## Task inputs:
abbreviation tensor_kernel :: "nat \<Rightarrow> int \<Rightarrow> fn4" where
  "tensor_kernel \<sigma> \<mu> \<equiv> tensor_kernel_deriv \<sigma> \<mu> 0 0 0 0"

lemma tensor_kernel_deriv_z1:
  "((\<lambda>t. tensor_kernel_deriv \<sigma> \<mu> p q r s t z2 w1 w2) has_field_derivative
     tensor_kernel_deriv \<sigma> \<mu> (p + 1) q r s z1 z2 w1 w2) (at z1)"
  unfolding tensor_kernel_deriv_def by (auto intro!: derivative_eq_intros simp: algebra_simps)

lemma tensor_kernel_deriv_z2:
  "((\<lambda>t. tensor_kernel_deriv \<sigma> \<mu> p q r s z1 t w1 w2) has_field_derivative
     tensor_kernel_deriv \<sigma> \<mu> p (q + 1) r s z1 z2 w1 w2) (at z2)"
  unfolding tensor_kernel_deriv_def by (auto intro!: derivative_eq_intros simp: algebra_simps)

lemma tensor_kernel_deriv_w1:
  "((\<lambda>t. tensor_kernel_deriv \<sigma> \<mu> p q r s z1 z2 t w2) has_field_derivative
     tensor_kernel_deriv \<sigma> \<mu> p q (r + 1) s z1 z2 w1 w2) (at w1)"
  unfolding tensor_kernel_deriv_def by (auto intro!: derivative_eq_intros simp: algebra_simps)

lemma tensor_kernel_deriv_w2:
  "((\<lambda>t. tensor_kernel_deriv \<sigma> \<mu> p q r s z1 z2 w1 t) has_field_derivative
     tensor_kernel_deriv \<sigma> \<mu> p q r (s + 1) z1 z2 w1 w2) (at w2)"
  unfolding tensor_kernel_deriv_def by (auto intro!: derivative_eq_intros simp: algebra_simps)

lemma tensor_kernel_euler_z:
  "z1 * tensor_kernel_deriv \<sigma> \<mu> 1 0 0 0 z1 z2 w1 w2 + z2 * tensor_kernel_deriv \<sigma> \<mu> 0 1 0 0 z1 z2 w1 w2
     = of_nat \<sigma> * tensor_kernel \<sigma> \<mu> z1 z2 w1 w2"
proof -
  have "z1 * ((-1) ^ i * divpow (int \<sigma> - int i - 1) z1 * divpow (int i) z2 * c)
      + z2 * ((-1) ^ i * divpow (int \<sigma> - int i) z1 * divpow (int i - 1) z2 * c)
      = of_nat \<sigma> * ((-1) ^ i * divpow (int \<sigma> - int i) z1 * divpow (int i) z2 * c)" for i c
    using divpow_euler_pair[of z1 "(-1) ^ i" "int \<sigma> - int i" "int i" z2 c] by (simp add: algebra_simps)
  then show ?thesis
    unfolding tensor_kernel_deriv_def by (simp add: sum_distrib_left sum.distrib[symmetric] mult.assoc)
qed

lemma tensor_kernel_euler_w:
  "w1 * tensor_kernel_deriv \<sigma> \<mu> 0 0 1 0 z1 z2 w1 w2 + w2 * tensor_kernel_deriv \<sigma> \<mu> 0 0 0 1 z1 z2 w1 w2
     = of_nat \<sigma> * tensor_kernel \<sigma> \<mu> z1 z2 w1 w2"
proof -
  have "w1 * (c * divpow (int \<sigma> - \<mu> - int i - 1) w1 * divpow (\<mu> + int i) w2)
      + w2 * (c * divpow (int \<sigma> - \<mu> - int i) w1 * divpow (\<mu> + int i - 1) w2)
      = of_nat \<sigma> * (c * divpow (int \<sigma> - \<mu> - int i) w1 * divpow (\<mu> + int i) w2)" for i c
    using divpow_euler_pair[of w1 c "int \<sigma> - \<mu> - int i" "\<mu> + int i" w2 1] by (simp add: algebra_simps)
  then show ?thesis
    unfolding tensor_kernel_deriv_def by (simp add: sum_distrib_left sum.distrib[symmetric])
qed

lemma tensor_kernel_harmonic:
  "tensor_kernel_deriv \<sigma> \<mu> 1 0 1 0 z1 z2 w1 w2 + tensor_kernel_deriv \<sigma> \<mu> 0 1 0 1 z1 z2 w1 w2 = 0"
proof (cases \<sigma>)
  case 0
  then show ?thesis by (simp add: tensor_kernel_deriv_def divpow_neg)
next
  case (Suc n)
  define T where "T i = (-1) ^ i * divpow (int \<sigma> - int i - 1) z1 * divpow (int i) z2
      * divpow (int \<sigma> - \<mu> - int i - 1) w1 * divpow (\<mu> + int i) w2" for i
  have sign: "(-1::complex) ^ i = - ((-1) ^ (i - 1))" if "i > 0" for i
    using that by (cases i) simp_all
  have "tensor_kernel_deriv \<sigma> \<mu> 0 1 0 1 z1 z2 w1 w2 = (\<Sum>i\<le>Suc n. - T (i - 1) * of_bool (i > 0))"
    unfolding tensor_kernel_deriv_def T_def Suc
    by (intro sum.cong refl) (auto simp: divpow_neg sign algebra_simps)
  also have "\<dots> = - (\<Sum>i\<le>n. T i)"
    unfolding sum.atMost_Suc_shift by (simp add: sum_negf)
  also have "(\<Sum>i\<le>n. T i) = tensor_kernel_deriv \<sigma> \<mu> 1 0 1 0 z1 z2 w1 w2"
    unfolding tensor_kernel_deriv_def T_def Suc by (simp add: divpow_neg)
  finally show ?thesis by simp
qed

section \<open>The partial trace operator on \<open>(z\<^sup>a z\<^sub>a)\<^sup>n G\<close>\<close>

lemma deriv_deriv_power_mult:
  fixes g gx gy gxy :: "complex \<Rightarrow> complex \<Rightarrow> complex"
  assumes gx: "\<And>x y. ((\<lambda>t. g t y) has_field_derivative gx x y) (at x)"
    and gy: "\<And>x y. ((\<lambda>t. g x t) has_field_derivative gy x y) (at y)"
    and gxy: "\<And>x y. ((\<lambda>t. gy t y) has_field_derivative gxy x y) (at x)"
  shows "deriv (\<lambda>x. deriv (\<lambda>y. (y * x + e) ^ n * g x y) y) x
    = of_nat n * of_nat (n - 1) * (y * x + e) ^ (n - 2) * (y * x) * g x y
      + of_nat n * (y * x + e) ^ (n - 1) * (g x y + x * gx x y + y * gy x y)
      + (y * x + e) ^ n * gxy x y"
proof -
  have inner: "deriv (\<lambda>y. (y * x + e) ^ n * g x y) y
      = of_nat n * (y * x + e) ^ (n - 1) * x * g x y + (y * x + e) ^ n * gy x y" for x y
    by (rule DERIV_imp_deriv) (auto intro!: derivative_eq_intros gy)
  have "((\<lambda>x. of_nat n * (y * x + e) ^ (n - 1) * x * g x y + (y * x + e) ^ n * gy x y)
     has_field_derivative
       of_nat n * of_nat (n - 1) * (y * x + e) ^ (n - 2) * (y * x) * g x y
      + of_nat n * (y * x + e) ^ (n - 1) * (g x y + x * gx x y + y * gy x y)
      + (y * x + e) ^ n * gxy x y) (at x)"
    by (rule derivative_eq_intros gx gxy refl)+ (simp add: numeral_2_eq_2 algebra_simps)
  then show ?thesis unfolding inner by (rule DERIV_imp_deriv)
qed

lemma Lop_power_mult:
  fixes G Gz Gz' Gw Gw' H H' :: fn4
  assumes G_z1: "\<And>z1 z2 w1 w2. ((\<lambda>t. G t z2 w1 w2) has_field_derivative Gz z1 z2 w1 w2) (at z1)"
    and G_z2: "\<And>z1 z2 w1 w2. ((\<lambda>t. G z1 t w1 w2) has_field_derivative Gz' z1 z2 w1 w2) (at z2)"
    and G_w1: "\<And>z1 z2 w1 w2. ((\<lambda>t. G z1 z2 t w2) has_field_derivative Gw z1 z2 w1 w2) (at w1)"
    and G_w2: "\<And>z1 z2 w1 w2. ((\<lambda>t. G z1 z2 w1 t) has_field_derivative Gw' z1 z2 w1 w2) (at w2)"
    and G_w1z1: "\<And>z1 z2 w1 w2. ((\<lambda>t. Gw t z2 w1 w2) has_field_derivative H z1 z2 w1 w2) (at z1)"
    and G_w2z2: "\<And>z1 z2 w1 w2. ((\<lambda>t. Gw' z1 t w1 w2) has_field_derivative H' z1 z2 w1 w2) (at z2)"
  shows "Lop N (\<lambda>z1 z2 w1 w2. (w1 * z1 + w2 * z2) ^ n * G z1 z2 w1 w2) z1 z2 w1 w2
    = (of_nat n * of_nat (n - 1) * (w1 * z1 + w2 * z2) ^ (n - 2) * (w1 * z1 + w2 * z2) * G z1 z2 w1 w2
       + of_nat n * (w1 * z1 + w2 * z2) ^ (n - 1) * (2 * G z1 z2 w1 w2
           + (z1 * Gz z1 z2 w1 w2 + z2 * Gz' z1 z2 w1 w2) + (w1 * Gw z1 z2 w1 w2 + w2 * Gw' z1 z2 w1 w2))
       + (w1 * z1 + w2 * z2) ^ n * (H z1 z2 w1 w2 + H' z1 z2 w1 w2)) / of_nat N ^ 2"
proof -
  define u where "u = w1 * z1 + w2 * z2"
  have pair1: "d_lo1 (d_up1 (\<lambda>z1 z2 w1 w2. (w1 * z1 + w2 * z2) ^ n * G z1 z2 w1 w2)) z1 z2 w1 w2
    = of_nat n * of_nat (n - 1) * u ^ (n - 2) * (w1 * z1) * G z1 z2 w1 w2
      + of_nat n * u ^ (n - 1) * (G z1 z2 w1 w2 + z1 * Gz z1 z2 w1 w2 + w1 * Gw z1 z2 w1 w2)
      + u ^ n * H z1 z2 w1 w2"
    unfolding d_lo1_def d_up1_def u_def by (rule deriv_deriv_power_mult) (rule G_z1 G_w1 G_w1z1)+
  have "d_lo2 (d_up2 (\<lambda>z1 z2 w1 w2. (w1 * z1 + w2 * z2) ^ n * G z1 z2 w1 w2)) z1 z2 w1 w2
    = deriv (\<lambda>x. deriv (\<lambda>y. (y * x + w1 * z1) ^ n * G z1 x w1 y) w2) z2"
    unfolding d_lo2_def d_up2_def by (simp add: add.commute)
  also have "\<dots> = of_nat n * of_nat (n - 1) * u ^ (n - 2) * (w2 * z2) * G z1 z2 w1 w2
      + of_nat n * u ^ (n - 1) * (G z1 z2 w1 w2 + z2 * Gz' z1 z2 w1 w2 + w2 * Gw' z1 z2 w1 w2)
      + u ^ n * H' z1 z2 w1 w2"
    unfolding u_def add.commute[of "w1 * z1"] by (rule deriv_deriv_power_mult) (rule G_z2 G_w2 G_w2z2)+
  finally show ?thesis
    unfolding Lop_def pair1 by (simp add: u_def field_simps)
qed

lemma Lop_power_mult_bihomogeneous_harmonic:
  fixes G Gz Gz' Gw Gw' H H' :: fn4
  assumes "\<And>z1 z2 w1 w2. ((\<lambda>t. G t z2 w1 w2) has_field_derivative Gz z1 z2 w1 w2) (at z1)"
    and "\<And>z1 z2 w1 w2. ((\<lambda>t. G z1 t w1 w2) has_field_derivative Gz' z1 z2 w1 w2) (at z2)"
    and "\<And>z1 z2 w1 w2. ((\<lambda>t. G z1 z2 t w2) has_field_derivative Gw z1 z2 w1 w2) (at w1)"
    and "\<And>z1 z2 w1 w2. ((\<lambda>t. G z1 z2 w1 t) has_field_derivative Gw' z1 z2 w1 w2) (at w2)"
    and "\<And>z1 z2 w1 w2. ((\<lambda>t. Gw t z2 w1 w2) has_field_derivative H z1 z2 w1 w2) (at z1)"
    and "\<And>z1 z2 w1 w2. ((\<lambda>t. Gw' z1 t w1 w2) has_field_derivative H' z1 z2 w1 w2) (at z2)"
    and euler_z: "\<And>z1 z2 w1 w2. z1 * Gz z1 z2 w1 w2 + z2 * Gz' z1 z2 w1 w2 = of_nat d * G z1 z2 w1 w2"
    and euler_w: "\<And>z1 z2 w1 w2. w1 * Gw z1 z2 w1 w2 + w2 * Gw' z1 z2 w1 w2 = of_nat d * G z1 z2 w1 w2"
    and harmonic: "\<And>z1 z2 w1 w2. H z1 z2 w1 w2 + H' z1 z2 w1 w2 = 0"
  shows "Lop N (\<lambda>z1 z2 w1 w2. (w1 * z1 + w2 * z2) ^ n * G z1 z2 w1 w2)
    = (\<lambda>z1 z2 w1 w2. of_nat (n * (n + 1 + 2 * d)) / of_nat N ^ 2
                     * (w1 * z1 + w2 * z2) ^ (n - 1) * G z1 z2 w1 w2)"
proof (intro ext)
  fix z1 z2 w1 w2 :: complex
  define u where "u = w1 * z1 + w2 * z2"
  have "of_nat n * of_nat (n - 1) * u ^ (n - 2) * u = of_nat n * of_nat (n - 1) * u ^ (n - 1)"
    by (cases n; cases "n - 1") simp_all
  then have "of_nat n * of_nat (n - 1) * u ^ (n - 2) * u * G z1 z2 w1 w2
      + of_nat n * u ^ (n - 1) * (2 * G z1 z2 w1 w2 + of_nat d * G z1 z2 w1 w2 + of_nat d * G z1 z2 w1 w2)
      = of_nat (n * (n + 1 + 2 * d)) * u ^ (n - 1) * G z1 z2 w1 w2"
    by (cases n) (simp_all add: algebra_simps)
  then show "Lop N (\<lambda>z1 z2 w1 w2. (w1 * z1 + w2 * z2) ^ n * G z1 z2 w1 w2) z1 z2 w1 w2
    = of_nat (n * (n + 1 + 2 * d)) / of_nat N ^ 2 * (w1 * z1 + w2 * z2) ^ (n - 1) * G z1 z2 w1 w2"
    unfolding Lop_power_mult[OF assms(1-6)] euler_z euler_w harmonic u_def by simp
qed

lemma Lop_power_mult_tensor_kernel:
  "Lop N (\<lambda>z1 z2 w1 w2. c * (w1 * z1 + w2 * z2) ^ n * tensor_kernel \<sigma> \<mu> z1 z2 w1 w2)
    = (\<lambda>z1 z2 w1 w2. c * of_nat (n * (n + 1 + 2 * \<sigma>)) / of_nat N ^ 2
                     * (w1 * z1 + w2 * z2) ^ (n - 1) * tensor_kernel \<sigma> \<mu> z1 z2 w1 w2)"
proof -
  let ?K = "\<lambda>p q r s z1 z2 w1 w2. c * tensor_kernel_deriv \<sigma> \<mu> p q r s z1 z2 w1 w2"
  have "Lop N (\<lambda>z1 z2 w1 w2. (w1 * z1 + w2 * z2) ^ n * ?K 0 0 0 0 z1 z2 w1 w2)
    = (\<lambda>z1 z2 w1 w2. of_nat (n * (n + 1 + 2 * \<sigma>)) / of_nat N ^ 2
                     * (w1 * z1 + w2 * z2) ^ (n - 1) * ?K 0 0 0 0 z1 z2 w1 w2)"
  proof (rule Lop_power_mult_bihomogeneous_harmonic[where Gz = "?K 1 0 0 0" and Gz' = "?K 0 1 0 0"
        and Gw = "?K 0 0 1 0" and Gw' = "?K 0 0 0 1" and H = "?K 1 0 1 0" and H' = "?K 0 1 0 1"])
    fix z1 z2 w1 w2 :: complex
    show "z1 * ?K 1 0 0 0 z1 z2 w1 w2 + z2 * ?K 0 1 0 0 z1 z2 w1 w2 = of_nat \<sigma> * ?K 0 0 0 0 z1 z2 w1 w2"
      using arg_cong[OF tensor_kernel_euler_z[of z1 \<sigma> \<mu> z2 w1 w2], of "\<lambda>x. c * x"] by (simp add: algebra_simps)
    show "w1 * ?K 0 0 1 0 z1 z2 w1 w2 + w2 * ?K 0 0 0 1 z1 z2 w1 w2 = of_nat \<sigma> * ?K 0 0 0 0 z1 z2 w1 w2"
      using arg_cong[OF tensor_kernel_euler_w[of w1 \<sigma> \<mu> z1 z2 w2], of "\<lambda>x. c * x"] by (simp add: algebra_simps)
    show "?K 1 0 1 0 z1 z2 w1 w2 + ?K 0 1 0 1 z1 z2 w1 w2 = 0"
      using arg_cong[OF tensor_kernel_harmonic[of \<sigma> \<mu> z1 z2 w1 w2], of "\<lambda>x. c * x"] by (simp add: algebra_simps)
  qed (intro DERIV_cmult, rule DERIV_cong[OF tensor_kernel_deriv_z1] DERIV_cong[OF tensor_kernel_deriv_z2]
         DERIV_cong[OF tensor_kernel_deriv_w1] DERIV_cong[OF tensor_kernel_deriv_w2], simp)+
  then show ?thesis by (simp add: mult_ac)
qed

section \<open>Majorana polynomials as coefficient matrices\<close>

lemma spins_eq_image: "spins M = (\<lambda>b. int M - 2 * int b) ` {..M}"
proof (intro equalityI subsetI)
  fix m assume "m \<in> spins M"
  then have "m = int M - 2 * int (nat ((int M - m) div 2))" "nat ((int M - m) div 2) \<le> M"
    by (auto simp: spins_def elim!: evenE)
  then show "m \<in> (\<lambda>b. int M - 2 * int b) ` {..M}" by blast
qed (auto simp: spins_def)

lemma sum_spins: "(\<Sum>m\<in>spins M. f m) = (\<Sum>b\<le>M. f (int M - 2 * int b))"
  unfolding spins_eq_image by (subst sum.reindex) (auto simp: inj_on_def)

definition bipoly :: "nat \<Rightarrow> (nat \<Rightarrow> nat \<Rightarrow> complex) \<Rightarrow> fn4" where
  "bipoly M a = (\<lambda>z1 z2 w1 w2. \<Sum>b\<le>M. \<Sum>d\<le>M. a b d * (z1 ^ (M - b) * z2 ^ b * w1 ^ (M - d) * w2 ^ d))"

lemma bipoly_cong: "(\<And>b d. b \<le> M \<Longrightarrow> d \<le> M \<Longrightarrow> a b d = a' b d) \<Longrightarrow> bipoly M a = bipoly M a'"
  unfolding bipoly_def by (intro ext sum.cong refl) auto

definition majorana_weight :: "nat \<Rightarrow> nat \<Rightarrow> real" where
  "majorana_weight M b = (-1) ^ b * sqrt (real (M choose b))"

lemma majorana_eq_bipoly:
  "majorana M C = bipoly M (\<lambda>b d. of_real (majorana_weight M b * majorana_weight M d)
                                     * C (int M - 2 * int b) (int M - 2 * int d))"
  unfolding majorana_def bipoly_def sum_spins majorana_weight_def
  by (intro ext sum.cong refl) (simp add: half_def nat_diff_distrib mult_ac)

## What needs to be done:
Above are the entries; copy every line among them that contains the word "shows".

## Expected answer:
  shows "deriv (\<lambda>x. deriv (\<lambda>y. (y * x + e) ^ n * g x y) y) x
  shows "Lop N (\<lambda>z1 z2 w1 w2. (w1 * z1 + w2 * z2) ^ n * G z1 z2 w1 w2) z1 z2 w1 w2
  shows "Lop N (\<lambda>z1 z2 w1 w2. (w1 * z1 + w2 * z2) ^ n * G z1 z2 w1 w2)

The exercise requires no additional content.